↓↓↓
(* Suppose $P$ is a convex, non-degenerate Euclidean polygon in $\mathbb{R}^2$ which is symmetric under rotation by $\pi$ about the origin. Then there exist $A\in SL(2,\mathbb{R})$ and $r>0$ such that $B^1(r)\subseteq A\cdot P\subseteq B^\infty(r)$.
   Context: $B^1(r)$ and $B^\infty(r)$ denote the closed balls of radius $r$ about the origin in $\mathbb{R}^2$ with respect to the $\ell^1$ and $\ell^\infty$ norms respectively. Non-degenerate means $P$ has nonempty interior (is not contained in a line). *)

theory Defs
  imports "HOL-Analysis.Analysis"
begin

definition convex_polygon :: "(real^2) set \<Rightarrow> bool" where
  "convex_polygon P \<longleftrightarrow> (\<exists>V. finite V \<and> P = convex hull V)"

definition ball1 :: "real \<Rightarrow> (real^2) set" where
  "ball1 r = {x. \<bar>x $ 1\<bar> + \<bar>x $ 2\<bar> \<le> r}"

definition ballinf :: "real \<Rightarrow> (real^2) set" where
  "ballinf r = {x. max \<bar>x $ 1\<bar> \<bar>x $ 2\<bar> \<le> r}"

end

theory Submission
  imports Defs
begin

text \<open>Choose \<open>u, v \<in> P\<close> maximising the determinant \<open>det2 u v = M\<close> over \<open>P \<times> P\<close>; it is positive
  because \<open>P\<close> has interior. By maximality and the symmetry of \<open>P\<close>, every \<open>x \<in> P\<close> satisfies
  \<open>\<bar>det2 x v\<bar>, \<bar>det2 u x\<bar> \<le> M\<close>, while \<open>P\<close> contains every \<open>a u + b v\<close> with \<open>\<bar>a\<bar> + \<bar>b\<bar> \<le> 1\<close>.
  In the coordinates \<open>x \<mapsto> (det2 x v, det2 u x) / sqrt M\<close>, a unimodular linear map, \<open>P\<close> is
  therefore squeezed between the \<open>\<ell>\<^sup>1\<close> and the \<open>\<ell>\<^sup>\<infinity>\<close> ball of radius \<open>sqrt M\<close>.\<close>

definition det2 :: "real^2 \<Rightarrow> real^2 \<Rightarrow> real" where
  "det2 x y = x$1 * y$2 - x$2 * y$1"

lemma det2_swap: "det2 y x = - det2 x y"
  unfolding det2_def by simp

lemma det2_uminus [simp]: "det2 (- x) y = - det2 x y" "det2 x (- y) = - det2 x y"
  unfolding det2_def by simp_all

lemma det2_combination:
  "det2 (a *\<^sub>R u + b *\<^sub>R v) v = a * det2 u v"
  "det2 u (a *\<^sub>R u + b *\<^sub>R v) = b * det2 u v"
  unfolding det2_def by (simp_all add: algebra_simps)

lemma convex_symmetric_zero_mem:
  fixes P :: "'a::real_vector set"
  assumes "convex P" "\<And>x. x \<in> P \<Longrightarrow> - x \<in> P" "u \<in> P"
  shows "0 \<in> P"
  using convexD[OF assms(1) assms(3) assms(2)[OF assms(3)], of "1/2" "1/2"]
  by (simp flip: scaleR_add_right)

lemma convex_symmetric_l1_combination_mem:
  fixes P :: "'a::real_vector set"
  assumes cvx: "convex P" and sym: "\<And>x. x \<in> P \<Longrightarrow> - x \<in> P"
    and "u \<in> P" "v \<in> P" "\<bar>a\<bar> + \<bar>b\<bar> \<le> 1"
  shows "a *\<^sub>R u + b *\<^sub>R v \<in> P"
proof -
  define p where "p = (if a \<ge> 0 then u else - u)"
  define q where "q = (if b \<ge> 0 then v else - v)"
  have "p \<in> P" "q \<in> P" "0 \<in> P"
    unfolding p_def q_def using assms convex_symmetric_zero_mem[OF cvx sym] by auto
  then have "convex hull {0, p, q} \<subseteq> P"
    using cvx by (simp add: hull_minimal)
  moreover have "\<bar>a\<bar> *\<^sub>R p + \<bar>b\<bar> *\<^sub>R q \<in> convex hull {0, p, q}"
    using assms(5) by (force simp: convex_hull_3_alt)
  moreover have "\<bar>a\<bar> *\<^sub>R p + \<bar>b\<bar> *\<^sub>R q = a *\<^sub>R u + b *\<^sub>R v"
    unfolding p_def q_def by simp
  ultimately show ?thesis by auto
qed

lemma det2_nonzero_if_interior:
  fixes P :: "(real^2) set"
  assumes "interior P \<noteq> {}"
  obtains x y where "x \<in> P" "y \<in> P" "det2 x y \<noteq> 0"
proof -
  obtain c e where "e > 0" "ball c e \<subseteq> P"
    using assms open_contains_ball_eq[OF open_interior] interior_subset by (metis ex_in_conv subset_trans)
  moreover define d1 :: "real^2" where "d1 = vector [e/2, 0]"
  moreover define d2 :: "real^2" where "d2 = vector [0, e/2]"
  ultimately have "c \<in> P" "c + d1 \<in> P" "c + d2 \<in> P"
    by (auto simp: subset_iff dist_norm norm_vec_def L2_set_def sum_2)
  moreover have "det2 (c + d1) (c + d2) \<noteq> 0 \<or> det2 (c + d1) c \<noteq> 0 \<or> det2 c (c + d2) \<noteq> 0"
    using \<open>e > 0\<close> unfolding det2_def d1_def d2_def by (auto simp: algebra_simps)
  ultimately show ?thesis using that by blast
qed

text \<open>The maximising pair is an Auerbach basis of the norm whose unit ball is \<open>P\<close>.\<close>

lemma det2_maximal_pair:
  fixes P :: "(real^2) set"
  assumes "compact P" "interior P \<noteq> {}" "\<And>x. x \<in> P \<Longrightarrow> - x \<in> P"
  obtains u v where "u \<in> P" "v \<in> P" "det2 u v > 0"
    "\<And>x. x \<in> P \<Longrightarrow> \<bar>det2 x v\<bar> \<le> det2 u v \<and> \<bar>det2 u x\<bar> \<le> det2 u v"
proof -
  obtain x y where xy: "x \<in> P" "y \<in> P" "det2 x y \<noteq> 0"
    using det2_nonzero_if_interior[OF assms(2)] .
  have "continuous_on (P \<times> P) (\<lambda>z. det2 (fst z) (snd z))"
    unfolding det2_def by (intro continuous_intros)
  then obtain w where w: "w \<in> P \<times> P" "\<And>z. z \<in> P \<times> P \<Longrightarrow> det2 (fst z) (snd z) \<le> det2 (fst w) (snd w)"
    using continuous_attains_sup[OF compact_Times[OF assms(1) assms(1)]] xy by blast
  define u v where "u = fst w" and "v = snd w"
  have uv: "u \<in> P" "v \<in> P" using w(1) unfolding u_def v_def by auto
  have max: "det2 x' y' \<le> det2 u v" if "x' \<in> P" "y' \<in> P" for x' y'
    using w(2)[of "(x', y')"] that unfolding u_def v_def by simp
  show ?thesis
  proof (rule that[OF uv])
    show "det2 u v > 0"
      using max[OF xy(1,2)] max[OF xy(2,1)] xy(3) det2_swap[of x y] by linarith
    show "\<bar>det2 x' v\<bar> \<le> det2 u v \<and> \<bar>det2 u x'\<bar> \<le> det2 u v" if "x' \<in> P" for x'
      using max[of x' v] max[of "- x'" v] max[of u x'] max[of u "- x'"] that uv assms(3)
      by (auto simp: abs_le_iff)
  qed
qed

lemma det2_coordinate_matrix:
  fixes u v :: "real^2" and r :: real
  obtains A :: "real^2^2" where "det A = det2 u v / r\<^sup>2"
    "\<And>x. A *v x = vector [det2 x v / r, det2 u x / r]"
proof
  let ?A = "vector [vector [v$2 / r, - v$1 / r], vector [- u$2 / r, u$1 / r]] :: real^2^2"
  show "det ?A = det2 u v / r\<^sup>2"
    unfolding det_2 det2_def by (simp add: power2_eq_square diff_divide_distrib mult.commute)
  show "?A *v x = vector [det2 x v / r, det2 u x / r]" for x
    unfolding det2_def
    by (simp add: vec_eq_iff forall_2 matrix_vector_mult_def sum_2 diff_divide_distrib mult.commute)
qed

theorem lemma6p5:
  fixes P :: "(real^2) set"
  assumes "convex_polygon P"
    and "interior P \<noteq> {}"
    and "\<And>x. x \<in> P \<Longrightarrow> - x \<in> P"
  shows "\<exists>(A :: real^2^2) r. det A = 1 \<and> r > 0 \<and>
           ball1 r \<subseteq> (\<lambda>x. A *v x) ` P \<and> (\<lambda>x. A *v x) ` P \<subseteq> ballinf r"
proof -
  obtain V where "finite V" "P = convex hull V"
    using assms(1) unfolding convex_polygon_def by blast
  then have cvx: "convex P" and "compact P"
    by (simp_all add: compact_convex_hull finite_imp_compact)
  obtain u v where uv: "u \<in> P" "v \<in> P" "det2 u v > 0"
    and bound: "\<And>x. x \<in> P \<Longrightarrow> \<bar>det2 x v\<bar> \<le> det2 u v \<and> \<bar>det2 u x\<bar> \<le> det2 u v"
    using det2_maximal_pair[OF \<open>compact P\<close> assms(2,3)] by blast
  define r where "r = sqrt (det2 u v)"
  have r: "r > 0" "r\<^sup>2 = det2 u v" using uv(3) unfolding r_def by simp_all
  obtain A :: "real^2^2" where detA: "det A = det2 u v / r\<^sup>2"
    and A: "\<And>x. A *v x = vector [det2 x v / r, det2 u x / r]"
    using det2_coordinate_matrix[of u v r] by blast
  have "(\<lambda>x. A *v x) ` P \<subseteq> ballinf r"
  proof clarify
    fix x assume "x \<in> P"
    then have "\<bar>det2 x v\<bar> \<le> r * r" "\<bar>det2 u x\<bar> \<le> r * r"
      using bound r(2) by (simp_all add: power2_eq_square)
    then show "A *v x \<in> ballinf r"
      unfolding ballinf_def A using r(1) by (simp add: abs_divide divide_le_eq)
  qed
  moreover have "ball1 r \<subseteq> (\<lambda>x. A *v x) ` P"
  proof
    fix y assume "y \<in> ball1 r"
    then have "\<bar>y$1 / r\<bar> + \<bar>y$2 / r\<bar> \<le> 1"
      using r(1) unfolding ball1_def by (simp add: abs_divide add_divide_distrib[symmetric])
    then have "(y$1 / r) *\<^sub>R u + (y$2 / r) *\<^sub>R v \<in> P"
      using convex_symmetric_l1_combination_mem[OF cvx assms(3) uv(1,2)] by blast
    moreover have "A *v ((y$1 / r) *\<^sub>R u + (y$2 / r) *\<^sub>R v) = y"
      using r uv(3) unfolding A det2_combination by (simp add: vec_eq_iff forall_2 power2_eq_square)
    ultimately show "y \<in> (\<lambda>x. A *v x) ` P" by (metis image_eqI)
  qed
  moreover have "det A = 1" using detA r uv(3) by simp
  ultimately show ?thesis using r(1) by blast
qed

end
↑↑↑
Find the word "mult" in the entries and show each line where it is found.

• RESPONSE TO THIS TASK
    unfolding det_2 det2_def by (simp add: power2_eq_square diff_divide_distrib mult.commute)
    by (simp add: vec_eq_iff forall_2 matrix_vector_mult_def sum_2 diff_divide_distrib mult.commute)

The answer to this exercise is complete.